I have the picture of the guitarist and Rudi firmly in my mind now.  And I have a scene, perhaps, or at least two characters who will appear in a book somewhere.  They will jam. They will understand each other, they will know what’s important and then they will go on their way.  I don’t know where I’m going to put them yet but whether it’s next week or when my children have left home, there’s a story about them sharing something, I know it.

Wednesday, 8 September 2010

Ellie Williamson

A few months ago I discovered elitewriters.co.uk and got into email correspondence with the site owner, Ellie Williamson. She seemed great, we'd chat about how ridiculous it was, us both being up at 2am in the morning working on our various bits of fiction, seemingly not realising that we weren't actually writing at all but chatting. 


I was going to be the site's profiled writer in July.  I submitted the required pieces of writing - an About You, a Blog Entry and a Short Piece of Fiction but then everything went quiet.  A few days of no response and I had a terrible sense of foreboding.  I knew I'd only 'met' Ellie on-line but she just didn't seem the type of person to suddenly, and without explanation, close all communication.  I kept checking back to the site which was like the Marie Celeste.  I even had the fleeting notion that the site was a scam to fleece my £10 annual membership from me but I had to have a stern word with myself for doubting my instincts; I knew that  Ellie Williamson and her site were completely kosher.

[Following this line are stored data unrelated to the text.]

lemma nn_integral_nu_meas_finite:
  assumes g: "continuous_on {0..} g" and vanish: "\<And>x. b < x \<Longrightarrow> g x = 0"
  shows "(\<integral>\<^sup>+ x. ennreal \<bar>g x\<bar> \<partial>nu_meas phi) < \<infinity>"
proof -
  obtain C where C: "\<And>x. x \<in> {0..b} \<Longrightarrow> \<bar>g x\<bar> \<le> C"
    using compact_imp_bounded[OF compact_continuous_image[OF continuous_on_subset[OF g] compact_Icc, of 0 b]]
    unfolding bounded_iff by (metis atLeast_iff atLeastAtMost_iff image_eqI real_norm_def subsetI)
  have "(\<integral>\<^sup>+ x. ennreal \<bar>g x\<bar> \<partial>nu_meas phi) \<le> (\<integral>\<^sup>+ x. ennreal C * indicator {0..b} x \<partial>nu_meas phi)"
    using C vanish by (intro nn_integral_mono) (force simp: indicator_def intro!: ennreal_leI)
  also have "\<dots> = ennreal C * emeasure (nu_meas phi) {0..b}"
    by (rule nn_integral_cmult_indicator) (simp add: sets_nu_meas_iff)
  also have "\<dots> < \<infinity>"
    using emeasure_nu_meas_bounded_finite[of "{0..b}" b] by (simp add: ennreal_mult_less_top)
  finally show ?thesis .
qed

end

section \<open>Functions of bounded support\<close>

locale bounded_support_C1 =
  fixes phi f f' :: "real \<Rightarrow> real" and R :: real
  assumes phi_cont: "continuous_on {0..} phi"
    and f_nonneg: "\<And>x. 0 \<le> x \<Longrightarrow> 0 \<le> f x"
    and f_deriv: "\<And>x. 0 \<le> x \<Longrightarrow> (f has_real_derivative f' x) (at x within {0..})"
    and f'_cont: "continuous_on {0..} f'"
    and R_pos: "0 < R" and f_vanish: "\<And>x. R \<le> x \<Longrightarrow> f x = 0"
begin

abbreviation nu :: "real measure" where "nu \<equiv> nu_meas phi"

abbreviation superlevel :: "real \<Rightarrow> real set" where "superlevel s \<equiv> {y \<in> {0..}. s < f y}"

sublocale nu: sigma_finite_measure nu
  by (rule sigma_finite_nu_meas[OF phi_cont])

lemma f_cont: "continuous_on {0..} f"
  unfolding continuous_on_eq_continuous_within using f_deriv DERIV_continuous by blast

lemma f'_vanish:
  assumes "R < x" shows "f' x = 0"
proof -
  have "x \<in> interior {0::real..}" using R_pos assms by simp
  then have "(f has_real_derivative f' x) (at x)"
    using f_deriv[of x] R_pos assms at_within_interior by fastforce
  then have "((\<lambda>_. 0) has_real_derivative f' x) (at x)"
    by (rule has_field_derivative_transform_within_open[of _ _ _ "{R<..}"]) (use f_vanish assms in auto)
  then show ?thesis using DERIV_unique DERIV_const by blast
qed

lemma f_measurable[measurable]: "f \<in> borel_measurable nu"
  by (rule borel_measurable_nu_meas_continuous_on[OF f_cont])

lemma f'_measurable[measurable]: "f' \<in> borel_measurable nu"
  by (rule borel_measurable_nu_meas_continuous_on[OF f'_cont])

lemma superlevel_in_sets: "superlevel s \<in> sets nu"
proof -
  have "{y \<in> space nu. s < f y} \<in> sets nu" by measurable
  then show ?thesis by simp
qed

lemma superlevel_subset: "0 \<le> s \<Longrightarrow> superlevel s \<subseteq> {0..R}"
proof
  fix y assume "0 \<le> s" "y \<in> superlevel s"
  then have "f y \<noteq> 0" by auto
  with \<open>y \<in> superlevel s\<close> show "y \<in> {0..R}" using f_vanish[of y] by force
qed

lemma r_nbhd_in_sets: "r_nbhd A r \<in> sets nu"
proof -
  have "r_nbhd A r = {0..} \<inter> (\<Union>a\<in>A. ball a r)"
    by (auto simp: r_nbhd_def dist_real_def abs_minus_commute)
  also have "\<dots> \<in> sets borel" by (intro sets.Int borel_closed borel_open) auto
  finally show ?thesis by (auto simp: sets_nu_meas_iff r_nbhd_def)
qed

lemma r_nbhd_superlevel_subset: "0 \<le> s \<Longrightarrow> r \<le> 1 \<Longrightarrow> r_nbhd (superlevel s) r \<subseteq> {0..R + 1}"
proof
  fix x assume s: "0 \<le> s" "r \<le> 1" and "x \<in> r_nbhd (superlevel s) r"
  then obtain a where a: "a \<in> superlevel s" "\<bar>x - a\<bar> < r" "0 \<le> x" by (auto simp: r_nbhd_def)
  then have "a \<le> R" using superlevel_subset[OF s(1)] by auto
  with a s show "x \<in> {0..R + 1}" by auto
qed

lemma emeasure_superlevel_finite: "0 \<le> s \<Longrightarrow> emeasure nu (superlevel s) < \<infinity>"
  by (rule emeasure_nu_meas_bounded_finite[OF phi_cont superlevel_subset])

lemma nn_integral_f_finite: "(\<integral>\<^sup>+ y. ennreal (f y) \<partial>nu) < \<infinity>"
proof -
  have "(\<integral>\<^sup>+ y. ennreal \<bar>f y\<bar> \<partial>nu) < \<infinity>"
    by (rule nn_integral_nu_meas_finite[OF phi_cont f_cont, of R]) (simp add: f_vanish)
  moreover have "(\<integral>\<^sup>+ y. ennreal \<bar>f y\<bar> \<partial>nu) = (\<integral>\<^sup>+ y. ennreal (f y) \<partial>nu)"
    by (intro nn_integral_cong) (simp add: f_nonneg)
  ultimately show ?thesis by simp
qed

lemma nn_integral_abs_f'_finite: "(\<integral>\<^sup>+ y. ennreal \<bar>f' y\<bar> \<partial>nu) < \<infinity>"
  by (rule nn_integral_nu_meas_finite[OF phi_cont f'_cont]) (rule f'_vanish)

lemma f_first_order_bound:
  assumes e: "e > 0"
  obtains \<delta> where "0 < \<delta>" "\<delta> \<le> 1"
    "\<And>x a. 0 \<le> x \<Longrightarrow> 0 \<le> a \<Longrightarrow> \<bar>a - x\<bar> < \<delta> \<Longrightarrow> f a \<le> f x + \<bar>a - x\<bar> * (\<bar>f' x\<bar> + e)"
proof -
  have "uniformly_continuous_on {0..R + 2} f'"
    by (rule compact_uniformly_continuous) (auto intro: continuous_on_subset[OF f'_cont])
  then obtain d where d: "d > 0"
    "\<And>x x'. x \<in> {0..R + 2} \<Longrightarrow> x' \<in> {0..R + 2} \<Longrightarrow> dist x' x < d \<Longrightarrow> dist (f' x') (f' x) < e"
    unfolding uniformly_continuous_on_def using e by metis
  define \<delta> where "\<delta> = min d 1"
  have "f a \<le> f x + \<bar>a - x\<bar> * (\<bar>f' x\<bar> + e)" if xa: "0 \<le> x" "0 \<le> a" "\<bar>a - x\<bar> < \<delta>" for x a
  proof (cases "x > R + 1")
    case True
    then have "f a = 0" using xa f_vanish by (auto simp: \<delta>_def)
    moreover have "0 \<le> f x + \<bar>a - x\<bar> * (\<bar>f' x\<bar> + e)" using f_nonneg xa e by simp
    ultimately show ?thesis by simp
  next
    case False
    define S where "S = {min x a..max x a}"
    have S: "S \<subseteq> {0..}" using xa by (auto simp: S_def)
    have "(f has_field_derivative f' z) (at z within S)" if "z \<in> S" for z
      using that S by (intro DERIV_subset[OF f_deriv S]) auto
    moreover have "norm (f' z) \<le> \<bar>f' x\<bar> + e" if "z \<in> S" for z
    proof -
      have "dist (f' z) (f' x) < e"
        using that False xa by (intro d(2)) (auto simp: S_def \<delta>_def dist_real_def)
      then show ?thesis by (auto simp: dist_real_def)
    qed
    ultimately have "norm (f a - f x) \<le> (\<bar>f' x\<bar> + e) * norm (a - x)"
      by (intro field_differentiable_bound[of S]) (auto simp: S_def)
    then show ?thesis by (auto simp: algebra_simps)
  qed
  moreover have "0 < \<delta>" "\<delta> \<le> 1" using d by (auto simp: \<delta>_def)
  ultimately show ?thesis using that by blast
qed

definition majorant :: "real \<Rightarrow> real \<Rightarrow> real \<Rightarrow> real" where
  "majorant r e y = (f y + r * (\<bar>f' y\<bar> + e)) * indicator {0..R + 1} y"

lemma atLeastAtMost_in_sets_nu[measurable]: "{0..b} \<in> sets nu"
  by (simp add: sets_nu_meas_iff)

lemma majorant_measurable[measurable]: "majorant r e \<in> borel_measurable nu"
  unfolding majorant_def by measurable

lemma f_le_majorant: "0 \<le> r \<Longrightarrow> 0 \<le> e \<Longrightarrow> 0 \<le> y \<Longrightarrow> f y \<le> majorant r e y"
  using f_vanish[of y] f_nonneg[of y] by (cases "y \<le> R + 1") (auto simp: majorant_def)

lemma r_nbhd_superlevel_subset_majorant:
  assumes r: "r \<le> 1" and e: "0 \<le> e" and s: "0 \<le> s"
    and bound: "\<And>x a. 0 \<le> x \<Longrightarrow> 0 \<le> a \<Longrightarrow> \<bar>a - x\<bar> < r \<Longrightarrow> f a \<le> f x + \<bar>a - x\<bar> * (\<bar>f' x\<bar> + e)"
  shows "r_nbhd (superlevel s) r \<subseteq> {y \<in> {0..}. s < majorant r e y}"
proof
  fix x assume x: "x \<in> r_nbhd (superlevel s) r"
  have xR: "x \<in> {0..R + 1}" using r_nbhd_superlevel_subset[OF s r] x by auto
  obtain a where a: "0 \<le> a" "s < f a" "\<bar>x - a\<bar> < r" "0 \<le> x" using x by (auto simp: r_nbhd_def)
  have "f a \<le> f x + \<bar>a - x\<bar> * (\<bar>f' x\<bar> + e)" using a abs_minus_commute[of x a] by (intro bound) auto
  also have "\<dots> \<le> f x + r * (\<bar>f' x\<bar> + e)"
    using a e by (intro add_left_mono mult_right_mono) (auto simp: abs_minus_commute)
  finally show "x \<in> {y \<in> {0..}. s < majorant r e y}" using a xR by (auto simp: majorant_def)
qed

lemma nn_integral_majorant:
  assumes "0 \<le> r" "0 \<le> e"
  shows "(\<integral>\<^sup>+ y. ennreal (majorant r e y) \<partial>nu) = (\<integral>\<^sup>+ y. ennreal (f y) \<partial>nu)
    + ennreal r * ((\<integral>\<^sup>+ y\<in>{0..R + 1}. ennreal \<bar>f' y\<bar> \<partial>nu) + ennreal e * emeasure nu {0..R + 1})"
proof -
  have "(\<integral>\<^sup>+ y. ennreal (majorant r e y) \<partial>nu) = (\<integral>\<^sup>+ y. ennreal (f y)
      + ennreal r * (ennreal \<bar>f' y\<bar> * indicator {0..R + 1} y + ennreal e * indicator {0..R + 1} y) \<partial>nu)"
  proof (rule nn_integral_cong)
    fix y assume "y \<in> space nu"
    then show "ennreal (majorant r e y) = ennreal (f y)
        + ennreal r * (ennreal \<bar>f' y\<bar> * indicator {0..R + 1} y + ennreal e * indicator {0..R + 1} y)"
      using assms f_nonneg[of y] f_vanish[of y]
      by (cases "y \<le> R + 1")
        (simp_all add: majorant_def ennreal_plus[symmetric] ennreal_mult[symmetric] distrib_left del: ennreal_plus)
  qed
  then show ?thesis
    by (simp add: nn_integral_add nn_integral_cmult nn_integral_cmult_indicator sets_nu_meas_iff)
qed

definition boundary_quotient :: "real \<Rightarrow> real \<Rightarrow> ennreal" where
  "boundary_quotient r s = (emeasure nu (r_nbhd (superlevel s) r) - emeasure nu (superlevel s)) / ennreal r"

lemma nn_integral_boundary_quotient_le:
  assumes e: "0 < e" and r: "0 < r" "r \<le> 1"
    and bound: "\<And>x a. 0 \<le> x \<Longrightarrow> 0 \<le> a \<Longrightarrow> \<bar>a - x\<bar> < r \<Longrightarrow> f a \<le> f x + \<bar>a - x\<bar> * (\<bar>f' x\<bar> + e)"
  shows "(\<integral>\<^sup>+ s\<in>{0..}. boundary_quotient r s \<partial>lborel)
       \<le> (\<integral>\<^sup>+ x. ennreal \<bar>f' x\<bar> \<partial>nu) + ennreal e * emeasure nu {0..R + 1}"
proof -
  define g where "g = majorant r e"
  define X where "X = (\<integral>\<^sup>+ y\<in>{0..R + 1}. ennreal \<bar>f' y\<bar> \<partial>nu) + ennreal e * emeasure nu {0..R + 1}"
  have [measurable]: "(\<lambda>s. emeasure nu {y \<in> {0..}. s < g y}) \<in> borel_measurable lborel"
    "(\<lambda>s. emeasure nu (superlevel s)) \<in> borel_measurable lborel"
    using nu.borel_measurable_emeasure_superlevel[OF majorant_measurable]
      nu.borel_measurable_emeasure_superlevel[OF f_measurable] by (simp_all add: g_def)
  have g_sets: "{y \<in> {0..}. s < g y} \<in> sets nu" for s
  proof -
    have "{y \<in> space nu. s < g y} \<in> sets nu" by (measurable, simp add: g_def)
    then show ?thesis by simp
  qed
  have "(\<integral>\<^sup>+ s\<in>{0..}. boundary_quotient r s \<partial>lborel)
      \<le> (\<integral>\<^sup>+ s. (emeasure nu {y \<in> {0..}. s < g y} - emeasure nu (superlevel s)) * indicator {0..} s
          * ennreal (1 / r) \<partial>lborel)"
  proof (rule nn_integral_mono)
    fix s :: real
    have "emeasure nu (r_nbhd (superlevel s) r) \<le> emeasure nu {y \<in> {0..}. s < g y}" if "0 \<le> s"
      using r_nbhd_superlevel_subset_majorant[OF r(2) _ that bound] e g_sets unfolding g_def
      by (intro emeasure_mono) auto
    then show "boundary_quotient r s * indicator {0..} s
        \<le> (emeasure nu {y \<in> {0..}. s < g y} - emeasure nu (superlevel s)) * indicator {0..} s * ennreal (1 / r)"
      using r by (cases "0 \<le> s") (simp_all add: boundary_quotient_def ennreal_minus_mono
        divide_ennreal_def inverse_ennreal inverse_eq_divide mult_right_mono)
  qed
  also have "\<dots> = (\<integral>\<^sup>+ s\<in>{0..}. emeasure nu {y \<in> {0..}. s < g y} - emeasure nu (superlevel s) \<partial>lborel)
      * ennreal (1 / r)"
    by (rule nn_integral_multc) measurable
  also have "(\<integral>\<^sup>+ s\<in>{0..}. emeasure nu {y \<in> {0..}. s < g y} - emeasure nu (superlevel s) \<partial>lborel)
      = ennreal r * X"
    using nu.nn_integral_superlevel_diff[OF f_measurable majorant_measurable, of r e] r e
      f_nonneg f_le_majorant nn_integral_f_finite
    by (simp add: g_def X_def nn_integral_majorant)
  also have "ennreal r * X * ennreal (1 / r) = X"
    using r by (simp add: mult.commute mult.left_commute flip: ennreal_mult)
  also have "X \<le> (\<integral>\<^sup>+ x. ennreal \<bar>f' x\<bar> \<partial>nu) + ennreal e * emeasure nu {0..R + 1}"
    unfolding X_def by (intro add_right_mono nn_integral_mono) (auto simp: indicator_def)
  finally show ?thesis .
qed

lemma nn_integral_boundary_quotient_small:
  assumes e: "0 < e"
  obtains \<delta> where "0 < \<delta>" "\<And>r. 0 < r \<Longrightarrow> r < \<delta> \<Longrightarrow>
    (\<integral>\<^sup>+ s\<in>{0..}. boundary_quotient r s \<partial>lborel) \<le> (\<integral>\<^sup>+ x. ennreal \<bar>f' x\<bar> \<partial>nu) + ennreal e"
proof -
  define c where "c = enn2real (emeasure nu {0..R + 1})"
  have C: "emeasure nu {0..R + 1} = ennreal c" "0 \<le> c"
    using emeasure_nu_meas_bounded_finite[OF phi_cont, of "{0..R + 1}" "R + 1"]
    by (simp_all add: c_def less_top)
  define e' where "e' = e / (c + 1)"
  have e': "0 < e'" "e' * c \<le> e" using e C(2) by (simp_all add: e'_def field_simps)
  obtain \<delta> where \<delta>: "0 < \<delta>" "\<delta> \<le> 1"
    "\<And>x a. 0 \<le> x \<Longrightarrow> 0 \<le> a \<Longrightarrow> \<bar>a - x\<bar> < \<delta> \<Longrightarrow> f a \<le> f x + \<bar>a - x\<bar> * (\<bar>f' x\<bar> + e')"
    using f_first_order_bound[OF e'(1)] by blast
  have "(\<integral>\<^sup>+ s\<in>{0..}. boundary_quotient r s \<partial>lborel) \<le> (\<integral>\<^sup>+ x. ennreal \<bar>f' x\<bar> \<partial>nu) + ennreal e"
    if r: "0 < r" "r < \<delta>" for r
  proof -
    have "(\<integral>\<^sup>+ s\<in>{0..}. boundary_quotient r s \<partial>lborel)
        \<le> (\<integral>\<^sup>+ x. ennreal \<bar>f' x\<bar> \<partial>nu) + ennreal e' * ennreal c"
      using r \<delta> unfolding C(1)[symmetric]
      by (intro nn_integral_boundary_quotient_le[OF e'(1)]) (auto intro: \<delta>(3))
    also have "\<dots> \<le> (\<integral>\<^sup>+ x. ennreal \<bar>f' x\<bar> \<partial>nu) + ennreal e"
      using e' C(2) by (intro add_left_mono) (simp add: ennreal_mult[symmetric] ennreal_leI)
    finally show ?thesis .
  qed
  with \<delta>(1) that show ?thesis by blast
qed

When I got back from holiday, I clicked on the link to elitewriters.co.uk and everything had changed.  A new homepage had been uploaded which explained that Ellie had died after a three year battle with breast cancer.  Her friend and colleague, Lorraine Cornish, who runs Words Undone and also helps out with Active Writers, had decided to take over the site in her memory.

I wouldn't claim to know Ellie or insult those close to her by pretending to feel a grief like theirs but I enjoyed my few months of correspondence with her and do feel real sadness that another person in their mid-forties should lose their life too soon.

So, I'd like to help Lorraine promote elitewriters.co.uk in Ellie's memory.  If you're a writer, please have a look at the site. It's primarily a showcase for writing with constant opportunities to enter competitions and air your missives.  If you're a reader, please pop over there and let us budding wannabes know your thoughts.


My July profile has been resurrected for September so you'll see me over there.  I had to steady my hand when I submitted the featured short story as it's something I wrote ten years ago, annoyed by the rise in cosmetic surgery, even back then.  I rediscovered the story (it isn't as heavy as it sounds) and decided to give it a whirl.  However it's the first time I've ever submitted anything which hasn't been read and critiqued by an army of helpful others.  I'd be keen to know your thoughts - honest!